** PROVIDED RECORDS follows **

(* Let $n\ge 1$, $i\in\{1,\ldots,n-1\}$, and let $C$ be an $s_i$-stable set of transpositions in $S_n$ (i.e. $s_i\in C$ and $s_iCs_i=C$). Then $\partial_i$ maps $H_C$ to $H_C$, and both the kernel and the image of $\partial_i:H_C\to H_C$ are equal to $H_C^{*s_i}=\{f\in H_C\mid f*s_i=f\}$.
   Context: Let $S_n$ be the symmetric group on $\{1,\ldots,n\}$ with $(vw)(j)=v(w(j))$, and $s_i=(i\leftrightarrow i+1)$. Let $H=\mathrm{Fun}(S_n,\mathbb{C}[t_1,\ldots,t_n])$ with pointwise operations. The star action is $(f*w)(v)=f(vw^{-1})$. Let $x_i\in H$ be the function $v\mapsto t_{v(i)}$. For a transposition $\tau=(i\leftrightarrow k)$, $f\in H$ satisfies condition $\tau$ if $f-f*\tau=(x_i-x_k)g$ for some $g\in H$; these form a subring $H_\tau$, and for a set $C$ of transpositions $H_C=\bigcap_{\tau\in C}H_\tau$. For $f\in H_{s_i}$, $\partial_i(f)$ is the unique $g\in H$ with $f-f*s_i=(x_i-x_{i+1})g$. *)

theory Defs
  imports "HOL-Combinatorics.Combinatorics" "HOL-Library.Poly_Mapping"
begin

text \<open>Polynomial ring C[t_1,...,t_n] (all variables t_j, j : nat; only j in 1..n are used):
  finitely supported maps from monomials (exponent vectors) to coefficients.\<close>
type_synonym mpoly = "(nat \<Rightarrow>\<^sub>0 nat) \<Rightarrow>\<^sub>0 complex"

definition tvar :: "nat \<Rightarrow> mpoly" where
  "tvar j = Poly_Mapping.single (Poly_Mapping.single j 1) 1"

text \<open>The symmetric group S_n on {1..n}; composition (v w)(j) = v (w j) is v o w.\<close>
definition Sn :: "nat \<Rightarrow> (nat \<Rightarrow> nat) set" where
  "Sn n = {v. v permutes {1..n}}"

text \<open>H = Fun(S_n, C[t]): functions on permutations, extensionally zero off S_n.
  Values lie in C[t_1,...,t_n] (only variables 1..n occur). Ring operations are pointwise.\<close>
definition Hn :: "nat \<Rightarrow> ((nat \<Rightarrow> nat) \<Rightarrow> mpoly) set" where
  "Hn n = {f. (\<forall>v. v \<notin> Sn n \<longrightarrow> f v = 0) \<and>
     (\<forall>v. \<forall>m \<in> Poly_Mapping.keys (f v). Poly_Mapping.keys m \<subseteq> {1..n})}"

definition star :: "((nat \<Rightarrow> nat) \<Rightarrow> mpoly) \<Rightarrow> (nat \<Rightarrow> nat) \<Rightarrow> ((nat \<Rightarrow> nat) \<Rightarrow> mpoly)" where
  "star f w = (\<lambda>v. f (v \<circ> inv w))"

definition xfun :: "nat \<Rightarrow> nat \<Rightarrow> (nat \<Rightarrow> nat) \<Rightarrow> mpoly" where
  "xfun n i = (\<lambda>v. if v \<in> Sn n then tvar (v i) else 0)"

definition simple :: "nat \<Rightarrow> nat \<Rightarrow> nat" where
  "simple i = transpose i (Suc i)"

definition transpositions :: "nat \<Rightarrow> (nat \<Rightarrow> nat) set" where
  "transpositions n = {transpose a b | a b. a \<in> {1..n} \<and> b \<in> {1..n} \<and> a \<noteq> b}"

definition Htau :: "nat \<Rightarrow> (nat \<Rightarrow> nat) \<Rightarrow> ((nat \<Rightarrow> nat) \<Rightarrow> mpoly) set" where
  "Htau n \<tau> = {f \<in> Hn n. \<exists>i k. i \<noteq> k \<and> \<tau> = transpose i k \<and>
      (\<exists>g \<in> Hn n. \<forall>v. f v - star f \<tau> v = (xfun n i v - xfun n k v) * g v)}"

definition HC :: "nat \<Rightarrow> (nat \<Rightarrow> nat) set \<Rightarrow> ((nat \<Rightarrow> nat) \<Rightarrow> mpoly) set" where
  "HC n C = {f \<in> Hn n. \<forall>\<tau> \<in> C. f \<in> Htau n \<tau>}"

definition ddiff :: "nat \<Rightarrow> nat \<Rightarrow> ((nat \<Rightarrow> nat) \<Rightarrow> mpoly) \<Rightarrow> ((nat \<Rightarrow> nat) \<Rightarrow> mpoly)" where
  "ddiff n i f = (THE g. g \<in> Hn n \<and>
      (\<forall>v. f v - star f (simple i) v = (xfun n i v - xfun n (Suc i) v) * g v))"

end

theory Submission
  imports Defs
begin

text \<open>
  Write \<sigma>_xy (\<open>poly_subst x y\<close>) for the ring endomorphism of \<complex>[t] substituting t_y for t_x.
  Since p - \<sigma>_xy p is always a multiple of t_x - t_y, a polynomial is a multiple of
  t_x - t_y iff \<sigma>_xy kills it. Hence f satisfies the condition of (a b) iff
  \<sigma>(f v - f (v (a b))) = 0 for every v, where \<sigma> substitutes t_(v b) for t_(v a).

  Let \<tau> = (a b) \<in> C be different from s_i. Applying this \<sigma> to the defining identities of
  \<partial>_i f at v and at v \<tau>, and using that f satisfies both \<tau> and s_i \<tau> s_i (this is where the
  s_i-stability of C enters), gives \<sigma>(t_(v i) - t_(v (i+1))) \<sigma>(\<partial>_i f v - \<partial>_i f (v \<tau>)) = 0,
  and the first factor is nonzero because \<tau> \<noteq> s_i. As for kernel and image: \<partial>_i f = 0 iff
  f = f * s_i; every \<partial>_i f is s_i-invariant; and an s_i-invariant g equals \<partial>_i (x_i g), where
  x_i g \<in> H_C because H_C is a ring containing x_i.
\<close>

section \<open>Substituting one variable for another\<close>

definition monom_subst :: "nat \<Rightarrow> nat \<Rightarrow> (nat \<Rightarrow>\<^sub>0 nat) \<Rightarrow> (nat \<Rightarrow>\<^sub>0 nat)" where
  "monom_subst x y m =
     Poly_Mapping.update x 0 m + Poly_Mapping.single y (Poly_Mapping.lookup m x)"
(* Let $n\ge 2$ and $M,M'\in M_n(k)$. Then the DG algebras $\mathcal{A}_{\mathcal{O}_{-1}(k^n)}(M)$ and $\mathcal{A}_{\mathcal{O}_{-1}(k^n)}(M')$ are isomorphic (as DG algebras) if and only if there exists $C=(c_{ij})_{n\times n}\in \mathrm{QPL}_n(k)$ such that $M'=C^{-1}M\,(c_{ij}^2)_{n\times n}$.
   Context: $k$ is an algebraically closed field of characteristic zero. A connected cochain DG algebra is a graded $k$-algebra $\mathcal{A}=\bigoplus_{i\ge0}\mathcal{A}^i$ with $\mathcal{A}^0=k$ and a degree $+1$ differential $\partial$ with $\partial^2=0$ satisfying the Leibniz rule $\partial(ab)=\partial(a)b+(-1)^{|a|}a\partial(b)$. $\mathcal{O}_{-1}(k^n)$ is the graded $k$-algebra generated by degree-one elements $x_1,\dots,x_n$ subject to $x_ix_j=-x_jx_i$ for $1\le i<j\le n$. For $M=(m_{ij})\in M_n(k)$, $\mathcal{A}_{\mathcal{O}_{-1}(k^n)}(M)$ denotes the connected cochain DG algebra with underlying graded algebra $\mathcal{O}_{-1}(k^n)$ and differential determined by $\partial(x_i)=\sum_{j=1}^n m_{ij}x_j^2$ and the Leibniz rule. A DG algebra isomorphism is an isomorphism of graded algebras commuting with the differentials. $\mathrm{QPL}_n(k)$ is the set of invertible $n\times n$ matrices over $k$ having exactly one nonzero entry in each row and each column (nonsingular quasi-permutation matrices). For $C=(c_{ij})$, $(c_{ij}^2)_{n\times n}$ is the matrix of entrywise squares. *)

theory Defs
  imports "Jordan_Normal_Form.Matrix" "HOL-Computational_Algebra.Polynomial"
begin

text \<open>Concrete model of the graded algebra O_{-1}(k^n) with generators x_0,...,x_{n-1}
  (0-based indexing).  An element is a finitely supported coefficient function on
  exponent vectors a :: nat => nat (with a i = 0 for i >= n); the exponent vector a
  stands for the ordered monomial x_0^(a 0) * ... * x_(n-1)^(a (n-1)).\<close>

definition mons :: "nat \<Rightarrow> (nat \<Rightarrow> nat) set" where
  "mons n = {a. \<forall>i\<ge>n. a i = 0}"

definition mdeg :: "nat \<Rightarrow> (nat \<Rightarrow> nat) \<Rightarrow> nat" where
  "mdeg n a = (\<Sum>i<n. a i)"

text \<open>x^a * x^b = msgn n a b * x^(a+b), since x_j x_i = - x_i x_j for i < j.\<close>
definition msgn :: "nat \<Rightarrow> (nat \<Rightarrow> nat) \<Rightarrow> (nat \<Rightarrow> nat) \<Rightarrow> 'k::field" where
  "msgn n a b = (-1) ^ (\<Sum>i<n. \<Sum>j<i. a i * b j)"

definition supp :: "((nat \<Rightarrow> nat) \<Rightarrow> 'k::field) \<Rightarrow> (nat \<Rightarrow> nat) set" where
  "supp f = {a. f a \<noteq> 0}"

definition OA :: "nat \<Rightarrow> ((nat \<Rightarrow> nat) \<Rightarrow> 'k::field) set" where
  "OA n = {f. finite (supp f) \<and> supp f \<subseteq> mons n}"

** End of PROVIDED RECORDS **

## [EXERCISE REQUIREMENTS]
The expected answer is a copy of each line in the records that holds the word "forall".

## [ANSWER BELOW]
  "Hn n = {f. (\<forall>v. v \<notin> Sn n \<longrightarrow> f v = 0) \<and>
     (\<forall>v. \<forall>m \<in> Poly_Mapping.keys (f v). Poly_Mapping.keys m \<subseteq> {1..n})}"
      (\<exists>g \<in> Hn n. \<forall>v. f v - star f \<tau> v = (xfun n i v - xfun n k v) * g v)}"
  "HC n C = {f \<in> Hn n. \<forall>\<tau> \<in> C. f \<in> Htau n \<tau>}"
      (\<forall>v. f v - star f (simple i) v = (xfun n i v - xfun n (Suc i) v) * g v))"
  "mons n = {a. \<forall>i\<ge>n. a i = 0}"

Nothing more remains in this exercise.